If err: hard to count → char/4 for English, char/3 for JSON/YAML. Goal = relative rank, not exact.
Step 3: Budget Caps + Enforcement
Hard + soft limits, action per limit.
-
Soft limit (warn): 60-75% of hard. Hit:
- Log warn w/ usage + remaining
- Begin voluntary prune (Step 4) low-value first
- Reduce frequency (e.g., 30min → 2hr)
- Continue degraded
-
Hard limit (stop): absolute max. Hit:
- Halt autonomous immediately
- Alert operator (notify, email, log)
- Preserve state summary
- No new cycle till human authorizes
-
Per-cycle cap: max per single cycle. Stops runaway:
- Truncate tool outs or skip low-pri actions
- Log truncation
Doc in workflow config:
token_budget:
soft_limit_usd: 5.00 # warn and begin pruning
hard_limit_usd: 10.00 # halt and alert
per_cycle_cap_usd: 0.50 # max per individual cycle
soft_limit_pct: 70 # % of context window triggering pruning
hard_limit_pct: 90 # % of context window triggering halt
enforcement: strict # strict = halt on hard limit; advisory = log only
alert_channel: notification # how to notify the operator
→ Caps doc'd at 3 levels (soft/hard/per-cycle) + explicit actions.

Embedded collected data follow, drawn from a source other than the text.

lemma poisson_size_bias:
  assumes "a \<ge> 0"
  shows "(\<Sum>n. ennreal (real n / real (n + m)) * ennreal (poisson_pmf a n))
       = ennreal a * (\<Sum>n. ennreal (1 / real (n + m + 1)) * ennreal (poisson_pmf a n))"
proof -
  let ?F = "\<lambda>n. ennreal (real n / real (n + m)) * ennreal (poisson_pmf a n)"
  have shift: "?F (j + 1) = ennreal a * (ennreal (1 / real (j + m + 1)) * ennreal (poisson_pmf a j))"
    for j
  proof -
    have "poisson_pmf a (j + 1) = a / real (j + 1) * poisson_pmf a j"
      by (simp add: poisson_pmf_def fact_Suc field_simps)
    then have "real (j + 1) / real (j + 1 + m) * poisson_pmf a (j + 1)
        = a * (1 / real (j + m + 1) * poisson_pmf a j)"
      by (simp add: field_simps)
    then show ?thesis
      using assms by (simp add: ennreal_mult[symmetric] poisson_pmf_def)
  qed
  have "suminf ?F = (\<Sum>j. ?F (j + 1)) + (\<Sum>j<1. ?F j)"
    by (rule suminf_offset) simp
  also have "\<dots> = (\<Sum>j. ennreal a * (ennreal (1 / real (j + m + 1)) * ennreal (poisson_pmf a j)))"
    by (simp only: shift) simp
  finally show ?thesis
    by simp
qed

lemma indep_poisson_both_zero:
  assumes "prob_space M"
    and ind: "\<And>n m. measure M {\<omega>\<in>space M. X \<omega> = n \<and> Y \<omega> = m}
        = measure M {\<omega>\<in>space M. X \<omega> = n} * measure M {\<omega>\<in>space M. Y \<omega> = m}"
    and pX: "\<And>n. measure M {\<omega>\<in>space M. X \<omega> = n} = poisson_pmf a n"
    and pY: "\<And>n. measure M {\<omega>\<in>space M. Y \<omega> = n} = poisson_pmf b n"
  shows "measure M {\<omega>\<in>space M. X \<omega> = 0 \<and> Y \<omega> = 0} = exp (- (a + b))"
  using ind pX pY by (simp add: poisson_pmf_def exp_add[symmetric])

lemma indep_poisson_fraction_size_bias:
  fixes X Y :: "'w \<Rightarrow> nat"
  assumes P: "prob_space M"
    and X: "X \<in> measurable M (count_space UNIV)" and Y: "Y \<in> measurable M (count_space UNIV)"
    and ind: "\<And>n m. measure M {\<omega>\<in>space M. X \<omega> = n \<and> Y \<omega> = m}
        = measure M {\<omega>\<in>space M. X \<omega> = n} * measure M {\<omega>\<in>space M. Y \<omega> = m}"
    and pX: "\<And>n. measure M {\<omega>\<in>space M. X \<omega> = n} = poisson_pmf a n"
    and a: "a \<ge> 0"
  shows "(\<integral>\<^sup>+\<omega>. ennreal (real (X \<omega>) / real (X \<omega> + Y \<omega>)) \<partial>M)
      = ennreal a * (\<integral>\<^sup>+\<omega>. ennreal (1 / real (X \<omega> + Y \<omega> + 1)) \<partial>M)"
proof -
  let ?pY = "\<lambda>m. ennreal (measure M {\<omega>\<in>space M. Y \<omega> = m})"
  have "(\<integral>\<^sup>+\<omega>. ennreal (real (X \<omega>) / real (X \<omega> + Y \<omega>)) \<partial>M)
     = (\<Sum>m. (\<Sum>n. ennreal (real n / real (n + m)) * ennreal (poisson_pmf a n)) * ?pY m)"
    using nn_integral_indep_nat_pair[OF P X Y ind, of "\<lambda>n m. ennreal (real n / real (n + m))"]
    by (simp add: pX)
  also have "\<dots> = (\<Sum>m. ennreal a * ((\<Sum>n. ennreal (1 / real (n + m + 1))
          * ennreal (poisson_pmf a n)) * ?pY m))"
    unfolding poisson_size_bias[OF a] by (simp only: mult.assoc)
  also have "\<dots> = ennreal a * (\<integral>\<^sup>+\<omega>. ennreal (1 / real (X \<omega> + Y \<omega> + 1)) \<partial>M)"
    using nn_integral_indep_nat_pair[OF P X Y ind, of "\<lambda>n m. ennreal (1 / real (n + m + 1))"]
    by (simp add: pX)
  finally show ?thesis .
qed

Policy answers "what at limit?" before limit.
If err: $ premature → ctx-% only (soft 70%, hard 90%) + add $ after 24-48hr data. Advisory mode (log no halt) OK during calibration.
Step 4: Emergency Prune
At limits, drop low-value systematically.
Priority (drop lowest first):
- Old tool outs: verbose results from prior cycles where decision made. Decision persists, evidence goes.

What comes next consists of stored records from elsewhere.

lemma exponents_of_partition_of_exponents:
  assumes j: "j \<in> bell_exponents k N"
  shows "exponents_of_partition k N (partition_of_exponents k j) = j"
proof
  fix i show "exponents_of_partition k N (partition_of_exponents k j) i = j i"
  proof (cases "i \<in> {1..Suc k}")
    case True
    show ?thesis
    proof (cases "i = 1")
      case True
      then show ?thesis
        using j by (auto simp: exponents_of_partition_1 length_partition_of_exponents bell_exponents_iff)
    next
      case False
      then obtain v where "i = Suc v" "v \<in> {1..k}"
        using \<open>i \<in> {1..Suc k}\<close> by (cases i) auto
      then show ?thesis
        by (simp add: exponents_of_partition_Suc count_list_partition_of_exponents)
    qed
  next
    case False
    have "j \<in> {1..Suc k} \<rightarrow>\<^sub>E {0..N}"
      using j by (simp add: bell_exponents_def)
    then have "j i = undefined"
      using False by (rule PiE_arb)
    then show ?thesis
      using False by (auto simp: exponents_of_partition_def)
  qed
qed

- Redundant turns: early turns superseded by later. Turn 3 asked X, turn 7 revised to Y → turn 3 redundant.
- Verbose formatting: tables, ASCII art, decorative headers. Summarize w/ one-liner.
- Done sub-task ctx: multi-step, sub-task complete + outs in summary/file.

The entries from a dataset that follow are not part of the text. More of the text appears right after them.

lemma interval_chainsD:
  assumes "ps \<in> interval_chains n"
  shows "sorted_wrt precedes ps"
    and "\<And>p. p \<in> set ps \<Longrightarrow> 1 \<le> snd p \<and> snd p \<le> fst p \<and> fst p \<le> n - 1"
  using assms unfolding interval_chains_def by auto

lemma interval_chainsI:
  assumes "sorted_wrt precedes ps"
    and "\<And>t. t < length ps \<Longrightarrow> 1 \<le> snd (ps!t) \<and> snd (ps!t) \<le> fst (ps!t) \<and> fst (ps!t) \<le> n - 1"
  shows "ps \<in> interval_chains n"
  using assms unfolding interval_chains_def by (force simp: in_set_conv_nth)

lemma chain_nth_bounds:
  assumes "ps \<in> interval_chains n" "t < length ps"
  shows "1 \<le> snd (ps!t)" "snd (ps!t) \<le> fst (ps!t)" "fst (ps!t) \<le> n - 1"
  using interval_chainsD(2)[OF assms(1) nth_mem[OF assms(2)]] by auto

lemma chain_nth_less:
  assumes "ps \<in> interval_chains n" "a < b" "b < length ps"
  shows "fst (ps!a) < fst (ps!b)" "snd (ps!a) < snd (ps!b)"
  using interval_chainsD(1)[OF assms(1)] assms(2,3) unfolding sorted_wrt_iff_nth_less precedes_def by auto

lemma chain_nth_le:
  assumes "ps \<in> interval_chains n" "a \<le> b" "b < length ps"
  shows "fst (ps!a) \<le> fst (ps!b)" "snd (ps!a) \<le> snd (ps!b)"
  using chain_nth_less[OF assms(1) _ assms(3), of a] assms(2) by (cases "a = b"; force)+

lemma length_chain_le:
  assumes "ps \<in> interval_chains n"
  shows "length ps \<le> n - 1"
proof -
  have "sorted_wrt (<) (map fst ps)"
    using interval_chainsD(1)[OF assms] unfolding sorted_wrt_map
    by (rule sorted_wrt_mono_rel[rotated]) (auto simp: precedes_def)
  hence "length ps = card (set (map fst ps))"
    using distinct_card[of "map fst ps"] by (simp add: strict_sorted_iff)
  also have "\<dots> \<le> card {1..n-1}"
    by (rule card_mono) (auto dest!: interval_chainsD(2)[OF assms])
  finally show ?thesis by simp
qed

lemma finite_interval_chains: "finite (interval_chains n)"
proof -
  have "interval_chains n \<subseteq> {xs. set xs \<subseteq> {0..n} \<times> {0..n} \<and> length xs \<le> n - 1}"
    using length_chain_le interval_chainsD(2) by fastforce
  thus ?thesis using finite_lists_length_le[of "{0..n} \<times> {0..n}"] finite_subset by blast
qed

lemma interval_chains_le_1: "n \<le> 1 \<Longrightarrow> interval_chains n = {[]}"
  using length_chain_le[of _ n] by (auto simp: interval_chains_def)

lemma finite_covered: "finite (covered ps)"
  unfolding covered_def by auto

lemma covered_Nil: "covered [] = {}"
  unfolding covered_def by simp

lemma covered_append: "covered (xs @ ys) = covered xs \<union> covered ys"
  unfolding covered_def by auto

lemma mem_covered_iff_nth:
  "x \<in> covered ps \<longleftrightarrow> (\<exists>t<length ps. snd (ps!t) \<le> x \<and> x \<le> fst (ps!t))"
  unfolding covered_def by (fastforce simp: in_set_conv_nth)

lemma covered_subset:
  assumes "ps \<in> interval_chains n"
  shows "covered ps \<subseteq> {1..n-1}"
  using interval_chainsD(2)[OF assms] unfolding covered_def by fastforce

lemma card_covered_le:
  assumes "ps \<in> interval_chains n"
  shows "card (covered ps) \<le> n - 1"
  using card_mono[OF _ covered_subset[OF assms]] by simp

lemma card_covered_eq_iff:
  assumes "ps \<in> interval_chains n"
  shows "card (covered ps) = n - 1 \<longleftrightarrow> covered ps = {1..n-1}"
  using card_subset_eq[OF _ covered_subset[OF assms]] by auto

lemma chain_count_le_1:
  assumes "n \<le> 1"
  shows "chain_count n m = (if m = 0 then 1 else 0)"
proof -
  have "{ps \<in> {[]}. card (covered ps) = m} = (if m = 0 then {[]} else {})"
    by (auto simp: covered_Nil)
  thus ?thesis unfolding chain_count_def interval_chains_le_1[OF assms] by simp
qed

lemma chain_count_eq_0:
  assumes "n \<ge> 1" "m \<ge> n"
  shows "chain_count n m = 0"
proof -
  have "card (covered ps) \<noteq> m" if "ps \<in> interval_chains n" for ps
    using card_covered_le[OF that] assms by linarith
  hence "{ps \<in> interval_chains n. card (covered ps) = m} = {}" by blast
  thus ?thesis unfolding chain_count_def by (simp only: card.empty)
qed

lemma card_interval_chains_eq_sum: "card (interval_chains n) = (\<Sum>m = 0..n. chain_count n m)"
proof -
  have "interval_chains n = (\<Union>m\<in>{0..n}. {ps \<in> interval_chains n. card (covered ps) = m})"
    using card_covered_le by fastforce
  moreover have "card (\<Union>m\<in>{0..n}. {ps \<in> interval_chains n. card (covered ps) = m})
                 = (\<Sum>m = 0..n. chain_count n m)"
    unfolding chain_count_def
    by (rule card_UN_disjoint) (auto intro: finite_subset[OF _ finite_interval_chains])
  ultimately show ?thesis by simp
qed

definition chain_of :: "nat list \<times> nat list \<Rightarrow> (nat \<times> nat) list" where
  "chain_of t = map (\<lambda>j. (fst t ! j, fst t ! j - snd t ! j)) [0..<length (fst t)]"

definition pair_of_chain :: "(nat \<times> nat) list \<Rightarrow> nat list \<times> nat list" where
  "pair_of_chain ps = (map fst ps, map (\<lambda>p. fst p - snd p) ps)"

lemma chain_of_in_chains:
  assumes "t \<in> Tset n"
  shows "chain_of t \<in> interval_chains n"
proof -
  obtain xs ks where t: "t = (xs, ks)" by (cases t)
  from assms[unfolded t Tset_def] have
    "sorted_wrt (<) xs" "sorted_wrt (<) (map (\<lambda>j. xs ! j - ks ! j) [0..<length xs])"
    and "\<forall>j < length xs. 1 \<le> xs ! j \<and> xs ! j \<le> n - 1
            \<and> 1 \<le> xs ! j - ks ! j \<and> xs ! j - ks ! j \<le> n - 1" by auto
  thus ?thesis
    unfolding interval_chains_def sorted_wrt_iff_nth_less chain_of_def t precedes_def by auto
qed

lemma pair_of_chain_in_Tset:
  assumes "ps \<in> interval_chains n"
  shows "pair_of_chain ps \<in> Tset n"
proof -
  note bounds = chain_nth_bounds[OF assms]
  define xs where "xs = map fst ps"
  define ks where "ks = map (\<lambda>p. fst p - snd p) ps"
  have lefts: "map (\<lambda>j. xs ! j - ks ! j) [0..<length xs] = map snd ps"
    unfolding xs_def ks_def by (rule nth_equalityI) (auto dest: bounds)
  have "length xs = length ks" "length xs \<le> n - 1"
    unfolding xs_def ks_def using length_chain_le[OF assms] by auto
  moreover have "sorted_wrt (<) xs" "sorted_wrt (<) (map (\<lambda>j. xs ! j - ks ! j) [0..<length xs])"
    using interval_chainsD(1)[OF assms] unfolding lefts unfolding xs_def
    by (auto simp: sorted_wrt_iff_nth_less precedes_def)
  moreover have "\<forall>j < length xs. 1 \<le> xs ! j \<and> xs ! j \<le> n - 1
                   \<and> 1 \<le> xs ! j - ks ! j \<and> xs ! j - ks ! j \<le> n - 1"
    using bounds unfolding xs_def ks_def by fastforce
  moreover have "pair_of_chain ps = (xs, ks)" unfolding pair_of_chain_def xs_def ks_def ..
  ultimately show ?thesis unfolding Tset_def by simp
qed

lemma pair_of_chain_of:
  assumes "t \<in> Tset n"
  shows "pair_of_chain (chain_of t) = t"
proof -
  obtain xs ks where t: "t = (xs, ks)" by (cases t)
  from assms[unfolded t Tset_def]
  have "length xs = length ks" "\<forall>j < length xs. 1 \<le> xs ! j - ks ! j" by auto
  thus ?thesis unfolding t pair_of_chain_def chain_of_def
    by (auto intro!: nth_equalityI)
qed

lemma chain_of_pair_of_chain:
  assumes "ps \<in> interval_chains n"
  shows "chain_of (pair_of_chain ps) = ps"
  unfolding chain_of_def pair_of_chain_def
  by (rule nth_equalityI) (auto dest: chain_nth_bounds[OF assms] simp: prod_eq_iff)

lemma weight_eq_card_covered: "weight t = card (covered (chain_of t))"
proof -
  have "set (chain_of t) = (\<lambda>j. (fst t ! j, fst t ! j - snd t ! j)) ` {..<length (fst t)}"
    unfolding chain_of_def by auto
  thus ?thesis unfolding weight_def covered_def by simp
qed

lemma Z_eq_chain_count: "Z n m = chain_count n m"
proof -
  have "bij_betw chain_of {t \<in> Tset n. weight t = m} {ps \<in> interval_chains n. card (covered ps) = m}"
    by (rule bij_betw_byWitness[where f'=pair_of_chain])
       (auto simp: pair_of_chain_of chain_of_pair_of_chain chain_of_in_chains
                   pair_of_chain_in_Tset weight_eq_card_covered)
  thus ?thesis unfolding Z_def chain_count_def by (rule bij_betw_same_card)
qed

lemma full_chain_ends:
  assumes "ps \<in> interval_chains n" "covered ps = {1..n-1}" "n \<ge> 2"
  shows "ps \<noteq> []" "snd (ps!0) = 1" "fst (ps!(length ps - 1)) = n - 1"
proof -
  show ne: "ps \<noteq> []" using assms(2,3) covered_Nil by auto
  have "1 \<in> covered ps" using assms(2,3) by simp
  then obtain t where t: "t < length ps" "snd (ps!t) \<le> 1"
    unfolding mem_covered_iff_nth by auto
  have "snd (ps!0) \<le> snd (ps!t)" using chain_nth_le[OF assms(1) _ t(1)] by simp
  thus "snd (ps!0) = 1" using t chain_nth_bounds(1)[OF assms(1), of 0] ne by simp
  have "n - 1 \<in> covered ps" using assms(2,3) by simp
  then obtain t where t: "t < length ps" "n - 1 \<le> fst (ps!t)"
    unfolding mem_covered_iff_nth by auto
  have "fst (ps!t) \<le> fst (ps!(length ps - 1))"
    using chain_nth_le[OF assms(1), of t "length ps - 1"] t by simp
  thus "fst (ps!(length ps - 1)) = n - 1"
    using t chain_nth_bounds(3)[OF assms(1), of "length ps - 1"] ne by simp
qed

lemma full_chain_no_gap:
  assumes "ps \<in> interval_chains n" "covered ps = {1..n-1}" "t + 1 < length ps"
  shows "snd (ps!(t+1)) \<le> fst (ps!t) + 1"
proof -
  have "fst (ps!t) < fst (ps!(t+1))" "fst (ps!(t+1)) \<le> n - 1"
    using chain_nth_less[OF assms(1), of t "t+1"] chain_nth_bounds[OF assms(1,3)] assms(3)
    by simp_all
  hence "fst (ps!t) + 1 \<in> covered ps" using assms(2) by simp
  then obtain s where s: "s < length ps" "snd (ps!s) \<le> fst (ps!t) + 1" "fst (ps!t) + 1 \<le> fst (ps!s)"
    unfolding mem_covered_iff_nth by auto
  have "t < s"
  proof (rule ccontr)
    assume "\<not> t < s"
    hence "fst (ps!s) \<le> fst (ps!t)" using chain_nth_le[OF assms(1), of s t] assms(3) by simp
    thus False using s by simp
  qed
  hence "snd (ps!(t+1)) \<le> snd (ps!s)" using chain_nth_le[OF assms(1), of "t+1" s] s by simp
  thus ?thesis using s by simp
qed

lemma covered_if_no_gaps:
  assumes "snd (ps!0) \<le> 1" "\<And>t. t + 1 < length ps \<Longrightarrow> snd (ps!(t+1)) \<le> fst (ps!t) + 1"
    and "t < length ps"
  shows "{1..fst (ps!t)} \<subseteq> covered ps"
  using assms(3)
proof (induction t)
  case 0
  thus ?case using assms(1) by (force simp: mem_covered_iff_nth)
next
  case (Suc t)
  have "snd (ps!Suc t) \<le> fst (ps!t) + 1" using assms(2) Suc.prems by simp
  hence "{1..fst (ps!Suc t)} \<subseteq> {1..fst (ps!t)} \<union> {snd (ps!Suc t)..fst (ps!Suc t)}" by auto
  moreover have "{snd (ps!Suc t)..fst (ps!Suc t)} \<subseteq> covered ps"
    using Suc.prems by (force simp: mem_covered_iff_nth)
  moreover have "{1..fst (ps!t)} \<subseteq> covered ps" using Suc by simp
  ultimately show ?case by blast
qed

- Inactive skill procs: no longer following → drop full text.
- Irrelevant memory: auto-loaded, unrelated projects/sessions.
Per pruned item, tombstone:
[PRUNED: 2,400 tokens of npm audit output from cycle 12 — 3 vulnerabilities found, all patched]
~20 tokens but preserves conclusion.
→ Ctx drops below soft after prune. Each pruned item has tombstone. No decision-critical info lost.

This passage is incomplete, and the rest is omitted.